Listed entries START
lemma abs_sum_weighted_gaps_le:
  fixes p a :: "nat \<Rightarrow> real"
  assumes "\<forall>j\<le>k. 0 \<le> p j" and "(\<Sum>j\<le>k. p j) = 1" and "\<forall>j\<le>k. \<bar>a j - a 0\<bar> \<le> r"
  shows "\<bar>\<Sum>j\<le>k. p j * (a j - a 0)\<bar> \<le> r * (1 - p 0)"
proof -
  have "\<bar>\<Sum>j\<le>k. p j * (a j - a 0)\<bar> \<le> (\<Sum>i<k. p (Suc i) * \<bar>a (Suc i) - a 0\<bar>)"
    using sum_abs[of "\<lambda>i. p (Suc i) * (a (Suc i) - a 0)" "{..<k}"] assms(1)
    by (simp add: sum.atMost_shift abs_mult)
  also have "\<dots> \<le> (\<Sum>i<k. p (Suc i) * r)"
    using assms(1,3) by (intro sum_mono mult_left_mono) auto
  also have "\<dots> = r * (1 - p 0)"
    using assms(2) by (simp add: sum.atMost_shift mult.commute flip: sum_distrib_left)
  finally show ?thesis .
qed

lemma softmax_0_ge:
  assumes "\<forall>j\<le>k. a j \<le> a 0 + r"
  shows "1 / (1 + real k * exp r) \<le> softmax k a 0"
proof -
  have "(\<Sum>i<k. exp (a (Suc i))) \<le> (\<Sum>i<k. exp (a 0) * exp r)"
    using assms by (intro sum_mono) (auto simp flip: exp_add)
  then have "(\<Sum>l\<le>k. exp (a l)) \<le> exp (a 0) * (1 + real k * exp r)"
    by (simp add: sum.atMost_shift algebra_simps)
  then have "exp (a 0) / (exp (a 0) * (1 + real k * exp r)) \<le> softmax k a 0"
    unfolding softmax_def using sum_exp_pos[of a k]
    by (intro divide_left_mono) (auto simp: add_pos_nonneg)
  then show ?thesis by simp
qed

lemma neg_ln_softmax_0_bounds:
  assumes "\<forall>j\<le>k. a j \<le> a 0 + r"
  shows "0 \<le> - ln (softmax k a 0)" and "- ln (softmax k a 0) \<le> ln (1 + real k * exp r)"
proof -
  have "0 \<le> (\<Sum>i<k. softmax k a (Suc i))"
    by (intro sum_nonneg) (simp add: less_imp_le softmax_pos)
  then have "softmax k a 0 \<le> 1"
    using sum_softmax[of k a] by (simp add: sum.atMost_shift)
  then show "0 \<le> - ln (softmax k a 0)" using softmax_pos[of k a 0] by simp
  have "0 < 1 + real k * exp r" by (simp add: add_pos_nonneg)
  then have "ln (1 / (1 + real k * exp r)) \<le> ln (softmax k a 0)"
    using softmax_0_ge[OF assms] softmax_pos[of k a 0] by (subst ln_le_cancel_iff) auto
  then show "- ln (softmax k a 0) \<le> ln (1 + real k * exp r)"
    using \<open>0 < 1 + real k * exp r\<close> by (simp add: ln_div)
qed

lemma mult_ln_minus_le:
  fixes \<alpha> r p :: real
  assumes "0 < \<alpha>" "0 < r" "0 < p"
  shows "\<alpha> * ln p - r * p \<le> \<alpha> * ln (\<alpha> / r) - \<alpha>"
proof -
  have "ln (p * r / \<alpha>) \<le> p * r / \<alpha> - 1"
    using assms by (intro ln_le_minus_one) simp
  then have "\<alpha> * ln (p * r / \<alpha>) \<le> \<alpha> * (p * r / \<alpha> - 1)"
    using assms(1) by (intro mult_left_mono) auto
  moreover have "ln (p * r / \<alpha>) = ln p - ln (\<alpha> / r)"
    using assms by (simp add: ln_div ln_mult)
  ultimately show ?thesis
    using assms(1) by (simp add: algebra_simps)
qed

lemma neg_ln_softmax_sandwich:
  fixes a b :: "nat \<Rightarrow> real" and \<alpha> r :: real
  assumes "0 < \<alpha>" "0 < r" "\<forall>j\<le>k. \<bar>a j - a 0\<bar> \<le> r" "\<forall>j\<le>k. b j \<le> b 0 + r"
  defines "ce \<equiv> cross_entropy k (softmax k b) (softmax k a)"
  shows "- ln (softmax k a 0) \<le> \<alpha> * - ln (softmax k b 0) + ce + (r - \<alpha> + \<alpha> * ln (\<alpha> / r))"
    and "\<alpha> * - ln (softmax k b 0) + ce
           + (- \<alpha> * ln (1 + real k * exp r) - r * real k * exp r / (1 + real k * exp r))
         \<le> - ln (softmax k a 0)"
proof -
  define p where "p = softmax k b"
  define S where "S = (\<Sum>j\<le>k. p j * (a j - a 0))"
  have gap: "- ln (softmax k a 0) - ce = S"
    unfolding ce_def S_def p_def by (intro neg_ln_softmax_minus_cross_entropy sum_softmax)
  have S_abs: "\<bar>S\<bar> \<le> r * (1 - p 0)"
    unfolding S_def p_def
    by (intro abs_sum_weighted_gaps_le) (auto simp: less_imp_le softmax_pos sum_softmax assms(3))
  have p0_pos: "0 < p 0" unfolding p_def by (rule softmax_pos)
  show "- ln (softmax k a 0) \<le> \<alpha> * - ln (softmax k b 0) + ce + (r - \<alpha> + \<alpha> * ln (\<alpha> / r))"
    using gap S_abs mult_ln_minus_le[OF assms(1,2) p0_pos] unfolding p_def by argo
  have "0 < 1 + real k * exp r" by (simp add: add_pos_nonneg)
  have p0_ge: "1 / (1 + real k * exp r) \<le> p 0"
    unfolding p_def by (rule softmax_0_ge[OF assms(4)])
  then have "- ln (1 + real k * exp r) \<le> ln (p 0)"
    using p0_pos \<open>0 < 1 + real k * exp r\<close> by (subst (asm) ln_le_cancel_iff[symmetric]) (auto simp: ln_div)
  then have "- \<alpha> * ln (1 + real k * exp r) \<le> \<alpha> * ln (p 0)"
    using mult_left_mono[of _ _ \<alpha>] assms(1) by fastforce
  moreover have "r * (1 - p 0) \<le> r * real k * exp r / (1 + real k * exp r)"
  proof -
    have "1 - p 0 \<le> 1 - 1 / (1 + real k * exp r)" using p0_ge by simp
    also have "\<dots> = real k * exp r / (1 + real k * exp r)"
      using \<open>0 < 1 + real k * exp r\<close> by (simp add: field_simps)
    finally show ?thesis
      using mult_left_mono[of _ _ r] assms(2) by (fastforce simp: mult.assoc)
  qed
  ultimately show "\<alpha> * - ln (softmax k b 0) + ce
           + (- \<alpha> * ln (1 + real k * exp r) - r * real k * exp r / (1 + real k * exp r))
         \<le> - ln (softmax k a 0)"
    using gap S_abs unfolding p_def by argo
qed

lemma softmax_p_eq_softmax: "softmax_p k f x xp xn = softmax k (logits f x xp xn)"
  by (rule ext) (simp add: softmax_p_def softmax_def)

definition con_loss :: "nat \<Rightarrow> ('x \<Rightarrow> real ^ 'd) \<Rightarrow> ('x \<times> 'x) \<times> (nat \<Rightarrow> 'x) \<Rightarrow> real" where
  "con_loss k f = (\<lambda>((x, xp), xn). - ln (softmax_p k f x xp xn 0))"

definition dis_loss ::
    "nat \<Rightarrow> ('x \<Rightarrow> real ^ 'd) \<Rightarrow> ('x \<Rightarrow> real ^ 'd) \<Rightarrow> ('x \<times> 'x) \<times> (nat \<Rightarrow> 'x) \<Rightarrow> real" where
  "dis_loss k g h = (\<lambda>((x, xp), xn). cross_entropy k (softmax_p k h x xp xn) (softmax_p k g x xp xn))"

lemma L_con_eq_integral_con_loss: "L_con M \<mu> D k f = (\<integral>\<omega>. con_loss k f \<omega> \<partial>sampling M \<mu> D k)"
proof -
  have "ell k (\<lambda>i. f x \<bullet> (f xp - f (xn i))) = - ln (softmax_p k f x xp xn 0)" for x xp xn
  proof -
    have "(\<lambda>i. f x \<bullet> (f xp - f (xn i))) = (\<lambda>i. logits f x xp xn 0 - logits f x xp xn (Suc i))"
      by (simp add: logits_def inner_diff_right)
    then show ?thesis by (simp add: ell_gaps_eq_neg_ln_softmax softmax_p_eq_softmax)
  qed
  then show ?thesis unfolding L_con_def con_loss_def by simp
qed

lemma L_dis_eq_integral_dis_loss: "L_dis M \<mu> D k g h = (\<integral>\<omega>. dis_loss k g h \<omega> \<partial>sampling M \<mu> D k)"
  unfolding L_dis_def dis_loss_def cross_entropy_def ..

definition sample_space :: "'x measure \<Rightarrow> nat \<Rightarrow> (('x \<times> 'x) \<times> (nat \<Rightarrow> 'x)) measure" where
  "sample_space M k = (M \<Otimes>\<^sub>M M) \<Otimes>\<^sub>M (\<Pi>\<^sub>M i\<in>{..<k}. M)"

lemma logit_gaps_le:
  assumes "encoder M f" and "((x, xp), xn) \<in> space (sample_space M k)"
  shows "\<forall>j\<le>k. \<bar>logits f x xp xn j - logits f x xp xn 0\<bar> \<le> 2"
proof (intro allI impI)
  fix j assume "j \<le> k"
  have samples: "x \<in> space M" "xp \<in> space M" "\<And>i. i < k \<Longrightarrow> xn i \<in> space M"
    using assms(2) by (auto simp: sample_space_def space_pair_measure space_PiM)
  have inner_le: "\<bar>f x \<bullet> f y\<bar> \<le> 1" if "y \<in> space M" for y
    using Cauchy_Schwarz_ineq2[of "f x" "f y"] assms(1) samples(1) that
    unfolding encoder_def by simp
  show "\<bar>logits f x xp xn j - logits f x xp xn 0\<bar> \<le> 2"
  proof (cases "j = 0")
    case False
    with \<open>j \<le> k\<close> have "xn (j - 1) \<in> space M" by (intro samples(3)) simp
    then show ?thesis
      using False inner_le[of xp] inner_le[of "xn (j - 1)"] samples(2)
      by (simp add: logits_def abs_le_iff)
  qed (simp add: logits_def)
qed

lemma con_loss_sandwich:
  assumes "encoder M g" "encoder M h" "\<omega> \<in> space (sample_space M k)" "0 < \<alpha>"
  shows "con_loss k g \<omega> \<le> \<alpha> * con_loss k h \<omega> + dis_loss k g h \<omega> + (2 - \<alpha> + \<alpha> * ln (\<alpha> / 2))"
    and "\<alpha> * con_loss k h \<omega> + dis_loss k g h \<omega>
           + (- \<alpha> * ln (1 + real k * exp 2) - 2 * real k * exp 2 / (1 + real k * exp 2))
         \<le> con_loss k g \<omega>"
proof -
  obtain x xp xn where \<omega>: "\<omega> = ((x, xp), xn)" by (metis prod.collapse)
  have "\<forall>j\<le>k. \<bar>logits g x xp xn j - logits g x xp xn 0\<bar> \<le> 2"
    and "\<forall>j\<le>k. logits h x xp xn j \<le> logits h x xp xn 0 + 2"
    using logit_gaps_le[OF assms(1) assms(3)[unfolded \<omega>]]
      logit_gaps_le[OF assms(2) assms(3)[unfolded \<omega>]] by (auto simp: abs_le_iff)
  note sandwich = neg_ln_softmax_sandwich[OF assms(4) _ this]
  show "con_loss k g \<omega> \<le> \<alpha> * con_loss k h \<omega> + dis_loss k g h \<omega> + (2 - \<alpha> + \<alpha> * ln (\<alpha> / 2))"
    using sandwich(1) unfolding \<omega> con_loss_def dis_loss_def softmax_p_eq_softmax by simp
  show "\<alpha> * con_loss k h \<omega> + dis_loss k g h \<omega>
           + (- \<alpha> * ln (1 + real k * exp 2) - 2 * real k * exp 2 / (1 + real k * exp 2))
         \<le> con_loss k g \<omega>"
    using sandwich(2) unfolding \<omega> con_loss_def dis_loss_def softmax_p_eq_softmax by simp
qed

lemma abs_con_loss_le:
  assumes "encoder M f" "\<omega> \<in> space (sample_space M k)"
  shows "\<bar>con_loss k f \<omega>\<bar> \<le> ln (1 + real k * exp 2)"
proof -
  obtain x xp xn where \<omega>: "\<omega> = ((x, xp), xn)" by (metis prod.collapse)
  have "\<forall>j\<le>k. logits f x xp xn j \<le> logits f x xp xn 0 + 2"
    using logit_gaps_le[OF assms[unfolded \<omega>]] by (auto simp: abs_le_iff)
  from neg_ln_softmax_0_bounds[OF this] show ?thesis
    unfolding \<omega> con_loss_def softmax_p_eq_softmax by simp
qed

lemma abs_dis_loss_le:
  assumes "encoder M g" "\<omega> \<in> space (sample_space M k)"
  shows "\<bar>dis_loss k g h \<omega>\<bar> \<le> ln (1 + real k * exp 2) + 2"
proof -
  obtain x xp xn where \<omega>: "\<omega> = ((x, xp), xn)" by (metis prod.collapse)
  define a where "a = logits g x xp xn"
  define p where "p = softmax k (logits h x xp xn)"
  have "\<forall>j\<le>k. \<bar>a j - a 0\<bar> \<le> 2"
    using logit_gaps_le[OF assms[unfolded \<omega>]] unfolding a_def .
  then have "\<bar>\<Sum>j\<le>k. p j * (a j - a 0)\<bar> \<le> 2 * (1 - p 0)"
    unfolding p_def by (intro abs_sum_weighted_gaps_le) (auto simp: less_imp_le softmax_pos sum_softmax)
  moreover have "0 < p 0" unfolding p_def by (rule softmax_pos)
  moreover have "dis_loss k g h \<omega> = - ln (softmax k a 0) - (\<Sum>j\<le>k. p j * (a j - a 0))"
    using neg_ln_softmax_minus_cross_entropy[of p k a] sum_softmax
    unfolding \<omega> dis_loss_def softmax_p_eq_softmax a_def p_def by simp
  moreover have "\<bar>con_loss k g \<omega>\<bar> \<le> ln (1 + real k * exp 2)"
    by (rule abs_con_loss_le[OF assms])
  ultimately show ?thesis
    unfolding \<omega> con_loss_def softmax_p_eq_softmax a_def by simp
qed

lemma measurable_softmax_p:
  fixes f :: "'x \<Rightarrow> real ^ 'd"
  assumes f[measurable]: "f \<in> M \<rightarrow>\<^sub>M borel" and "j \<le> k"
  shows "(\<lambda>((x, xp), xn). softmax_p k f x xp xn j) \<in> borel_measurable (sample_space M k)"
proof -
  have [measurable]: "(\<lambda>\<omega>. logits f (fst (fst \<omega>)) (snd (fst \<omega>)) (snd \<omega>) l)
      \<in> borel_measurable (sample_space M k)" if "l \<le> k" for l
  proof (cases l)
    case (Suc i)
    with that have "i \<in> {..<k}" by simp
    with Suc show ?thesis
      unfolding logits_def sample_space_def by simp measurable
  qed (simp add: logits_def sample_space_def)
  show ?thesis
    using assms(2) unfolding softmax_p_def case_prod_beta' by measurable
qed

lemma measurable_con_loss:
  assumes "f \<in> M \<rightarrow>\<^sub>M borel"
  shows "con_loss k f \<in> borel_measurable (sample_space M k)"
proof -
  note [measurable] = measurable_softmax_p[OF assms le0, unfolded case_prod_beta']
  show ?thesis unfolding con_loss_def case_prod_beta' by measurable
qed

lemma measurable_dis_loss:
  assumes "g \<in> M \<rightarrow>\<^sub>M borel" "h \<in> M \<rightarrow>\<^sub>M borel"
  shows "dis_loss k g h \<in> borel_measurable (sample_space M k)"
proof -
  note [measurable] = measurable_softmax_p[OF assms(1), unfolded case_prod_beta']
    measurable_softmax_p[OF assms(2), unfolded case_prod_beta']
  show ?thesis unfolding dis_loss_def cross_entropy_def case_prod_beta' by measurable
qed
Listed entries END
Only the lines from the start of the data to the line holding "using assms(2) by (simp" are wanted; return them exactly, both ends included.

**Solution to the problem:**
lemma abs_sum_weighted_gaps_le:
  fixes p a :: "nat \<Rightarrow> real"
  assumes "\<forall>j\<le>k. 0 \<le> p j" and "(\<Sum>j\<le>k. p j) = 1" and "\<forall>j\<le>k. \<bar>a j - a 0\<bar> \<le> r"
  shows "\<bar>\<Sum>j\<le>k. p j * (a j - a 0)\<bar> \<le> r * (1 - p 0)"
proof -
  have "\<bar>\<Sum>j\<le>k. p j * (a j - a 0)\<bar> \<le> (\<Sum>i<k. p (Suc i) * \<bar>a (Suc i) - a 0\<bar>)"
    using sum_abs[of "\<lambda>i. p (Suc i) * (a (Suc i) - a 0)" "{..<k}"] assms(1)
    by (simp add: sum.atMost_shift abs_mult)
  also have "\<dots> \<le> (\<Sum>i<k. p (Suc i) * r)"
    using assms(1,3) by (intro sum_mono mult_left_mono) auto
  also have "\<dots> = r * (1 - p 0)"
    using assms(2) by (simp add: sum.atMost_shift mult.commute flip: sum_distrib_left)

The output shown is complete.